The longer the ordeal goes on, the more convincing the kidnappers’ threats and lies become. Holman “told me that since my parents didn’t care about me, he would take care of me,” says Bequette. “He said he was the only person I had.” As the months passed, Bequette never had any reason to disbelieve his captor. “If you are constantly hearing that your parents aren’t coming for you, and then the proof is that they haven’t shown up, it becomes part of your belief,” says Francis. “They think, ‘Here I am, I’m able to have a meal, I get to go out.’ And that prevents them from thinking clearly about what’s in their best interest.” In time small gifts and freedoms can further bond a victim to his captor. Shawn was given video games; Bequette received a bike and a radio. “A child may think, ‘This guy can’t be all bad,’ and they get a sense of gratitude,” says Francis. “Even the smallest act of kindness can strengthen that chain.”

But what about the enormous freedom that Shawn was given to come and go as he pleased? Why did he keep returning to Devlin’s apartment in Kirkwood, Mo.? Why didn’t he call his parents or tell his girlfriend or alert police to who he was? “From the outside it really looks like he had a lot of opportunities to escape,” says Francis.
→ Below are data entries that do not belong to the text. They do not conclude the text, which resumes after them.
lemma cond_indep_of_balancing_covariate:
  fixes V :: "'a \<Rightarrow> 'v" and T :: "'a \<Rightarrow> 't::finite"
  assumes [measurable]: "X \<in> measurable M MX" "V \<in> measurable M MV" "Y \<in> measurable M MY"
      "T \<in> measurable M (count_space UNIV)"
    and balancing: "cond_indep M (count_space UNIV) T MV V MX X"
    and exch: "cond_indep M MY Y (count_space UNIV) T MV V"
    and indep: "cond_indep M MY Y MX X (MV \<Otimes>\<^sub>M count_space UNIV) (\<lambda>x. (V x, T x))"
  shows "cond_indep M MY Y (count_space UNIV) T MX X"
proof (rule cond_indepI)
  fix B S A assume [measurable]: "B \<in> sets MY" "A \<in> sets MX"
  let ?FX = "vimage_algebra (space M) X MX" and ?FV = "vimage_algebra (space M) V MV"
  let ?a = "\<lambda>x. indicator A (X x) :: real" and ?b = "\<lambda>x. indicator B (Y x) :: real"
  let ?E\<tau> = "real_cond_exp M ?FX (\<lambda>x. indicator S (T x))"
  let ?g = "real_cond_exp M ?FV ?b"
  interpret FX: sigma_finite_subalgebra M ?FX
    by (rule sigma_finite_subalgebra_vimage_algebra) fact
  interpret FV: sigma_finite_subalgebra M ?FV
    by (rule sigma_finite_subalgebra_vimage_algebra) fact
  have [measurable]: "X \<in> measurable ?FX MX"
    by (rule measurable_vimage_algebra_self) fact
  have b: "integrable M ?b"
    by (auto intro!: integrable_const_bound[where B=1])
  have g: "AE x in M. \<bar>?g x\<bar> \<le> 1"
    using b by (rule FV.real_cond_exp_abs_le) simp
  have "AE x in M. \<bar>?E\<tau> x\<bar> \<le> 1"
    by (auto intro!: FX.real_cond_exp_abs_le integrable_const_bound[where B=1])
  then have a_E\<tau>: "AE x in M. \<bar>?a x * ?E\<tau> x\<bar> \<le> 1"
    by eventually_elim (auto simp: abs_mult split: split_indicator)
  have contraction: "(\<integral>x. indicator C (X x) * indicator S' (T x) * ?b x \<partial>M) =
      (\<integral>x. indicator C (X x) * indicator S' (T x) * ?g x \<partial>M)" if "C \<in> sets MX" for C S'
    using that by (intro integral_cond_exp_eq_of_contraction[OF _ _ _ _ exch indep]) auto
  have "(\<integral>x. ?a x * ?b x * indicator S (T x) \<partial>M) = (\<integral>x. ?a x * indicator S (T x) * ?g x \<partial>M)"
    using contraction[of A S] by (simp add: mult_ac)
  also have "\<dots> = (\<integral>x. ?a x * ?E\<tau> x * ?g x \<partial>M)"
    using g by (intro integral_cond_exp_eq_of_balancing[OF _ _ _ balancing]) auto
  also have "\<dots> = (\<integral>x. ?a x * ?E\<tau> x * ?b x \<partial>M)"
  proof (rule integral_mult_eq_of_indicator_integrals_eq[OF _ _ b _ _ a_E\<tau>])
    show "(\<integral>x. indicator C (X x) * ?g x \<partial>M) = (\<integral>x. indicator C (X x) * ?b x \<partial>M)"
      if "C \<in> sets MX" for C
      using contraction[OF that, of UNIV] by simp
  qed (use b in auto)
  also have "\<dots> = (\<integral>x. ?a x * ?E\<tau> x * real_cond_exp M ?FX ?b x \<partial>M)"
    using b a_E\<tau> by (intro FX.real_cond_exp_intg(2)[symmetric] integrable_mult_bounded) auto
  finally show "(\<integral>x. ?a x * ?b x * indicator S (T x) \<partial>M) =
      (\<integral>x. ?a x * real_cond_exp M ?FX ?b x * ?E\<tau> x \<partial>M)"
    by (simp only: mult_ac)
qed auto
But in fact, the more freedom he was granted, the more he may have felt attached to his abductor. “Being given a little leeway creates a stronger emotional bond,” says Francis. “It makes the invisible leash even tighter. If you look at cases of children who are severely abused by a nurturing authority figure, the child still wants to stay.”
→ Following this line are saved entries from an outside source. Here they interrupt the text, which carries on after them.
lemma finite_ptableaux: "finite {S. ptableau cl S}"
proof (rule finite_subset)
  show "{S. ptableau cl S} \<subseteq> Pow (diagram cl)"
    by (auto simp: ptableau_def)
qed (simp add: finite_diagram)

lemma ptableau_finite: "ptableau cl S \<Longrightarrow> finite S"
  using finite_diagram unfolding ptableau_def by (meson finite_subset)

lemma ptableau_length_le_card:
  assumes "ptableau cl S"
  shows "length cl \<le> card S"
proof -
  have "{..<length cl} \<subseteq> snd ` S"
    using assms unfolding ptableau_def by force
  then have "card {..<length cl} \<le> card (snd ` S)"
    using ptableau_finite[OF assms] by (intro card_mono) auto
  also have "\<dots> \<le> card S"
    using ptableau_finite[OF assms] by (rule card_image_le)
  finally show ?thesis
    by simp
qed

section \<open>Prepending a column\<close>

definition prepend_column :: "nat set \<Rightarrow> (nat \<times> nat) set \<Rightarrow> (nat \<times> nat) set" where
  "prepend_column R T = (\<lambda>r. (r, 0)) ` R \<union> (\<lambda>(r, c). (r, Suc c)) ` T"

definition still_free :: "nat set \<Rightarrow> nat set \<Rightarrow> nat set" where
  "still_free A R = {a \<in> A. a \<in> R \<or> (\<forall>r\<in>R. a \<le> r)}"

definition column_weight :: "nat set \<Rightarrow> nat set \<Rightarrow> int poly poly" where
  "column_weight A R = smult (q_var ^ (card R - 1)) (x_var ^ card (still_free A R))"

lemma still_free_insert_min:
  assumes "\<forall>b\<in>B. m < b" "S \<subseteq> B"
  shows "still_free (insert m B) (insert m S) = insert m S"
  using assms by (auto simp: still_free_def)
At some point, says Bequette, he simply stopped caring about anything; he just wanted to stay alive. “I felt empty, lost and scared,” he says. “When the investigator found me, they said I was like a robot.” Bequette says that after his rescue, therapy helped a little, but “drugs helped me more.” He overcame an addiction to painkillers, joined the Navy, married Laura Hansen and had three children. Still, he has had trouble holding a job; he’s currently on leave from a position as a maintenance engineer after suffering a stroke. “He goes for weeks at a time where he can’t get out of bed,” says Laura. “He’s been a wonderful dad and he loves me, but it’s been really hard on him.” Bequette is also angry that his abductor was never formally punished for what he did. After his capture, Holman served eight years in prison for an unrelated crime; upon his release prosecutors decided not to try him for Bequette’s kidnapping in order to spare Bequette from having to testify. Holman is now serving a 30-year-to-life sentence for his involvement in a 1987 shootout with police; he could be released as early as next year. “If he showed up at my door,” says Bequette, “I wouldn’t hesitate to shoot him.”

As for the case of Shawn Hornbeck, police won’t confirm reports that Devlin forced Shawn to help kidnap a second victim, Ben Ownby, 13. Nor will they say whether they plan to hit Devlin—so far charged only with kidnapping—with sexual abuse charges before a preliminary hearing set for March 15. Shawn has yet to return to school and is instead spending time with his family and friends. His parents, Pam and Craig Akers, “are looking all over the world to put together the very best team to get Shawn the help that he needs,” says his lawyer Scott Sherman. Shawn will need “an environment of no judging and no blaming,” says Dr. Cloninger. “It will take a good working alliance with a parent or best friend.”

Todd Bequette believes that in time Shawn will want to discuss whatever horrors he endured, horrors that very few others can fathom. But right now “there’s no one he can talk to,” says Bequette. “You can talk to all the psychiatrists you want, but unless you’ve been through it, nobody knows. What happened to us is not in any book.”